lemma omega_powi_eq_1_iff:
  assumes "N > 0"
  shows "omega N powi d = 1 \<longleftrightarrow> int N dvd d"
proof -
  have cis_1: "cis (x * (2 * pi)) = 1 \<longleftrightarrow> (\<exists>m. x = of_int m)" for x
    by (simp add: cis_eq_1_iff)
  have "omega N powi d = cis (of_int d / real N * (2 * pi))"
    by (simp add: omega_def cis_power_int)
  then have "omega N powi d = 1 \<longleftrightarrow> (\<exists>m. of_int d / real N = of_int m)"
    by (simp only: cis_1)
  also have "\<dots> \<longleftrightarrow> (\<exists>m. d = int N * m)"
  proof -
    have "of_int d / real N = of_int m \<longleftrightarrow> real_of_int d = real_of_int (int N * m)" for m
      using assms by (simp add: divide_eq_eq mult.commute)
    then show ?thesis
      by (simp only: of_int_eq_iff)
  qed
  finally show ?thesis
    by (simp add: dvd_def)
qed

lemma omega_powi_cong:
  assumes "N > 0" and "[a = b] (mod int N)"
  shows "omega N powi a = omega N powi b"
proof -
  have "omega N powi (a - b) = 1"
    using assms by (simp add: omega_powi_eq_1_iff cong_iff_dvd_diff)
  moreover have "omega N powi a = omega N powi (a - b) * omega N powi b"
    using power_int_add[of "omega N" "a - b" b] by simp
  ultimately show ?thesis
    by simp
qed

lemma sum_omega_powi:
  assumes "N > 0"
  shows "(\<Sum>j<N. omega N powi (d * int j)) = (if int N dvd d then of_nat N else 0)"
proof -
  define z where "z = omega N powi d"
  have powers: "omega N powi (d * int j) = z ^ j" for j
    by (simp add: z_def power_int_mult)
  have "z ^ N = 1"
    using assms by (simp flip: powers add: omega_powi_eq_1_iff)
  moreover have "z = 1 \<longleftrightarrow> int N dvd d"
    using assms by (simp add: z_def omega_powi_eq_1_iff)
  ultimately show ?thesis
    by (auto simp: powers geometric_sum)
qed

lemmas dim_mat_diag [simp] = carrier_matD[OF mat_diag_dim]

lemma char_poly_eigenbasis:
  fixes A P Q :: "'a :: field mat"
  assumes A: "A \<in> carrier_mat n n" and P: "P \<in> carrier_mat n n"
    and Q: "Q \<in> carrier_mat n n" and QP: "Q * P = c \<cdot>\<^sub>m 1\<^sub>m n" and "c \<noteq> 0"
    and AP: "A * P = P * mat_diag n d"
  shows "char_poly A = (\<Prod>i<n. [:- d i, 1:])"
proof -
  define Q' where "Q' = inverse c \<cdot>\<^sub>m Q"
  have Q': "Q' \<in> carrier_mat n n"
    using Q by (simp add: Q'_def)
  have Q'P: "Q' * P = 1\<^sub>m n"
    using Q P \<open>c \<noteq> 0\<close> by (simp add: Q'_def mult_smult_assoc_mat QP) (rule eq_matI; simp)
  have PQ': "P * Q' = 1\<^sub>m n"
    by (rule mat_mult_left_right_inverse[OF Q' P Q'P])
  have "A = A * (P * Q')"
    using A by (simp add: PQ')
  also have "\<dots> = P * mat_diag n d * Q'"
    using assoc_mult_mat[OF A P Q'] by (simp add: AP)
  finally have "similar_mat A (mat_diag n d)"
    using A P Q' PQ' Q'P by (intro similar_matI[of A _ P Q' n]) auto
  then have "char_poly A = char_poly (mat_diag n d)"
    by (rule char_poly_similar)
  also have "\<dots> = (\<Prod>a\<leftarrow>map d [0..<n]. [:- a, 1:])"
    by (subst char_poly_upper_triangular[of _ n])
      (auto simp: upper_triangular_def mat_diag_def diag_mat_def
        intro: arg_cong[where f = prod_list])
  also have "\<dots> = (\<Prod>i<n. [:- d i, 1:])"
    by (simp add: prod.distinct_set_conv_list[symmetric, of "[0..<n]", simplified] atLeast0LessThan)
  finally show ?thesis .
qed

lemma index_mult_mat_weighted_sum:
  fixes A B :: "'a :: semiring_0 mat"
  assumes "A \<in> carrier_mat n n" "B \<in> carrier_mat n m"
    and "\<And>k. k \<in> K \<Longrightarrow> C k \<in> carrier_mat n n"
    and "\<And>r s. r < n \<Longrightarrow> s < n \<Longrightarrow> A $$ (r, s) = (\<Sum>k\<in>K. w k * C k $$ (r, s))"
    and "i < n" "j < m"
  shows "(A * B) $$ (i, j) = (\<Sum>k\<in>K. w k * (C k * B) $$ (i, j))"
proof -
  have "(A * B) $$ (i, j) = (\<Sum>s<n. (\<Sum>k\<in>K. w k * C k $$ (i, s)) * B $$ (s, j))"
    using assms by (simp add: scalar_prod_def atLeast0LessThan)
  also have "\<dots> = (\<Sum>k\<in>K. w k * (\<Sum>s<n. C k $$ (i, s) * B $$ (s, j)))"
    by (simp add: sum_distrib_right sum_distrib_left mult.assoc) (rule sum.swap)
  also have "\<dots> = (\<Sum>k\<in>K. w k * (C k * B) $$ (i, j))"
  proof (intro sum.cong refl)
    fix k assume "k \<in> K"
    then have "C k \<in> carrier_mat n n"
      by (rule assms(3))
    then show "w k * (\<Sum>s<n. C k $$ (i, s) * B $$ (s, j)) = w k * (C k * B) $$ (i, j)"
      using assms by (simp add: scalar_prod_def atLeast0LessThan)
  qed
  finally show ?thesis .
qed

lemma shiftX_carrier [simp]: "shiftX N \<in> carrier_mat N N"
  by (simp add: shiftX_def)

lemma shiftX_dim [simp]: "dim_row (shiftX N) = N" "dim_col (shiftX N) = N"
  by (simp_all add: shiftX_def)

lemma shiftX_index:
  "i < N \<Longrightarrow> j < N \<Longrightarrow> shiftX N $$ (i, j) = (if i = (j + 1) mod N then 1 else 0)"
  by (simp add: shiftX_def)

lemma shiftX_power:
  "shiftX N ^\<^sub>m k = mat N N (\<lambda>(i, j). if i = (j + k) mod N then 1 else 0)"
proof (induction k)
  case 0
  show ?case
    by (rule eq_matI) (auto simp: shiftX_def)
next
  case (Suc k)
  let ?S = "\<lambda>k. mat N N (\<lambda>(i, j). if i = (j + k) mod N then 1 else (0 :: complex))"
  have entry: "(?S k * shiftX N) $$ (i, j) = ?S (Suc k) $$ (i, j)" if "i < N" "j < N" for i j
  proof -
    have "(?S k * shiftX N) $$ (i, j)
        = (\<Sum>t<N. if t = (j + 1) mod N then (if i = (t + k) mod N then 1 else 0) else 0)"
      using that by (simp add: shiftX_index scalar_prod_def atLeast0LessThan del: sum.delta)
        (intro sum.cong; auto)
    also have "\<dots> = ?S (Suc k) $$ (i, j)"
      using that by (simp add: mod_add_left_eq)
    finally show ?thesis .
  qed
  have "?S k * shiftX N = ?S (Suc k)"
    by (intro eq_matI entry) simp_all
  then show ?case
    by (simp add: Suc.IH)
qed

definition fourier_mat :: "nat \<Rightarrow> int \<Rightarrow> complex mat" where
  "fourier_mat N s = mat N N (\<lambda>(i, j). omega N powi (s * int i * int j))"

lemma fourier_mat_carrier [simp]: "fourier_mat N s \<in> carrier_mat N N"
  by (simp add: fourier_mat_def)

lemma fourier_mat_dim [simp]: "dim_row (fourier_mat N s) = N" "dim_col (fourier_mat N s) = N"
  by (simp_all add: fourier_mat_def)

lemma fourier_mat_inverse:
  assumes "N > 0"
  shows "fourier_mat N (- 1) * fourier_mat N 1 = of_nat N \<cdot>\<^sub>m 1\<^sub>m N"
proof -
  have entry: "(fourier_mat N (- 1) * fourier_mat N 1) $$ (i, j) = (of_nat N \<cdot>\<^sub>m 1\<^sub>m N) $$ (i, j)"
    if ij: "i < N" "j < N" for i j
  proof -
    have "(fourier_mat N (- 1) * fourier_mat N 1) $$ (i, j)
        = (\<Sum>t<N. omega N powi ((int j - int i) * int t))"
      using ij by (simp add: fourier_mat_def scalar_prod_def atLeast0LessThan flip: power_int_add)
        (intro sum.cong; simp add: algebra_simps)
    moreover have "int N dvd int j - int i \<longleftrightarrow> i = j"
      using ij by (simp flip: cong_iff_dvd_diff add: cong_int_iff cong_def eq_commute)
    ultimately show ?thesis
      using assms ij by (simp add: sum_omega_powi)
  qed
  show ?thesis
    by (intro eq_matI entry) simp_all
qed

lemma shiftX_power_mult_fourier:
  assumes "N > 0"
  shows "shiftX N ^\<^sub>m k * fourier_mat N 1
    = fourier_mat N 1 * mat_diag N (\<lambda>n. omega N powi (- (int n * int k)))"
    (is "_ = ?F * ?D")
proof -
  define \<sigma> where "\<sigma> j = (j + k) mod N" for j
  have "[int (\<sigma> j) * int n - int k * int n = int j * int n] (mod int N)" for j n
  proof -
    have "[int (\<sigma> j) = int j + int k] (mod int N)"
      by (simp add: \<sigma>_def cong_def of_nat_mod)
    then have "[int (\<sigma> j) * int n - int k * int n
        = (int j + int k) * int n - int k * int n] (mod int N)"
      by (intro cong_diff cong_mult cong_refl)
    then show ?thesis
      by (simp add: algebra_simps)
  qed
  then have shifted:
    "omega N powi (int j * int n) = omega N powi (int (\<sigma> j) * int n - int k * int n)" for j n
    using assms by (simp add: omega_powi_cong cong_sym)
  have entry: "(shiftX N ^\<^sub>m k * ?F) $$ (i, n) = (?F * ?D) $$ (i, n)"
    if i: "i < N" and n: "n < N" for i n
  proof -
    have "(shiftX N ^\<^sub>m k * ?F) $$ (i, n)
        = (\<Sum>j<N. if \<sigma> j = i then omega N powi (int j * int n) else 0)"
      using i n
      by (simp add: shiftX_power fourier_mat_def scalar_prod_def atLeast0LessThan \<sigma>_def
          del: sum.delta)
        (intro sum.cong; auto)
    also have "\<dots> = (\<Sum>j<N. if \<sigma> j = i then omega N powi (int (\<sigma> j) * int n - int k * int n) else 0)"
      by (simp only: shifted)
    also have "\<dots> = (\<Sum>m<N. if m = i then omega N powi (int m * int n - int k * int n) else 0)"
      using sum.reindex_bij_betw[OF bij_betw_add_mod[OF assms, of k]] by (simp only: \<sigma>_def)
    also have "\<dots> = omega N powi (int i * int n) * omega N powi (- (int n * int k))"
      using i by (simp flip: power_int_add add: algebra_simps)
    also have "\<dots> = (?F * ?D) $$ (i, n)"
      using i n by (simp add: mat_diag_mult_right[of _ N N] fourier_mat_def)
    finally show ?thesis .
  qed
  show ?thesis
    by (intro eq_matI entry) (simp_all add: shiftX_power)
qed

lemma kron_carrier [simp]: "kron N A B \<in> carrier_mat (N * N) (N * N)"
  by (simp add: kron_def)

lemma kron_dim [simp]: "dim_row (kron N A B) = N * N" "dim_col (kron N A B) = N * N"
  by (simp_all add: kron_def)

lemma kron_mult:
  assumes "A \<in> carrier_mat N N" "B \<in> carrier_mat N N" "C \<in> carrier_mat N N" "D \<in> carrier_mat N N"
  shows "kron N A B * kron N C D = kron N (A * C) (B * D)"
proof -
  have entry: "(kron N A B * kron N C D) $$ (r, c) = kron N (A * C) (B * D) $$ (r, c)"
    if rc: "r < N * N" "c < N * N" for r c
  proof -
    have div: "r div N < N" "c div N < N"
      using rc by (simp_all add: less_mult_imp_div_less)
    have "(kron N A B * kron N C D) $$ (r, c) = (\<Sum>s<N * N.
        A $$ (r div N, s div N) * B $$ (r mod N, s mod N)
        * (C $$ (s div N, c div N) * D $$ (s mod N, c mod N)))"
      using rc by (simp add: kron_def scalar_prod_def atLeast0LessThan)
    also have "\<dots> = (\<Sum>i<N. \<Sum>j<N.
        A $$ (r div N, i) * B $$ (r mod N, j) * (C $$ (i, c div N) * D $$ (j, c mod N)))"
      by (subst sum_lessThan_mult) (auto intro!: sum.cong)
    also have "\<dots> = (\<Sum>i<N. A $$ (r div N, i) * C $$ (i, c div N))
        * (\<Sum>j<N. B $$ (r mod N, j) * D $$ (j, c mod N))"
      by (simp add: sum_product mult_ac)
    also have "\<dots> = kron N (A * C) (B * D) $$ (r, c)"
      using assms rc div by (simp add: kron_def scalar_prod_def atLeast0LessThan)
    finally show ?thesis .
  qed
  show ?thesis
    by (intro eq_matI entry) simp_all
qed

lemma kron_smult_one: "kron N (a \<cdot>\<^sub>m 1\<^sub>m N) (b \<cdot>\<^sub>m 1\<^sub>m N) = (a * b) \<cdot>\<^sub>m 1\<^sub>m (N * N)"
proof -
  have entry: "kron N (a \<cdot>\<^sub>m 1\<^sub>m N) (b \<cdot>\<^sub>m 1\<^sub>m N) $$ (r, c) = ((a * b) \<cdot>\<^sub>m 1\<^sub>m (N * N)) $$ (r, c)"
    if rc: "r < N * N" "c < N * N" for r c
  proof -
    have "N > 0"
      using rc by (cases N) simp_all
    moreover have "r = c \<longleftrightarrow> r div N = c div N \<and> r mod N = c mod N"
      by (metis div_mult_mod_eq)
    ultimately show ?thesis
      using rc by (simp add: kron_def less_mult_imp_div_less)
  qed
  show ?thesis
    by (intro eq_matI entry) simp_all
qed

lemma Tmap_carrier [simp]: "Tmap N p \<in> carrier_mat N N"
  by (simp add: Tmap_def)

lemma weyl_channel_carrier [simp]: "weyl_channel N p \<in> carrier_mat (N * N) (N * N)"
  by (simp add: weyl_channel_def)

lemma xi_mod:
  assumes "N > 0"
  shows "xi N p (n mod N) = xi N p n"
  unfolding xi_def
proof (intro sum.cong refl)
  fix k
  have "[int (n mod N) = int n] (mod int N)"
    by (simp add: cong_def of_nat_mod)
  then have "[- (int (n mod N) * int k) = - (int n * int k)] (mod int N)"
    by (simp add: cong_minus_minus_iff cong_scalar_right)
  then show "omega N powi (- (int (n mod N) * int k)) * of_real (qmarg N p k)
      = omega N powi (- (int n * int k)) * of_real (qmarg N p k)"
    using assms by (simp add: omega_powi_cong)
qed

• **ASSIGNMENT**
Give every line of the material that includes the string "flip".

• **RESPONSE TO THIS TASK**
    using assms by (simp flip: powers add: omega_powi_eq_1_iff)
      using ij by (simp add: fourier_mat_def scalar_prod_def atLeast0LessThan flip: power_int_add)
      using ij by (simp flip: cong_iff_dvd_diff add: cong_int_iff cong_def eq_commute)
      using i by (simp flip: power_int_add add: algebra_simps)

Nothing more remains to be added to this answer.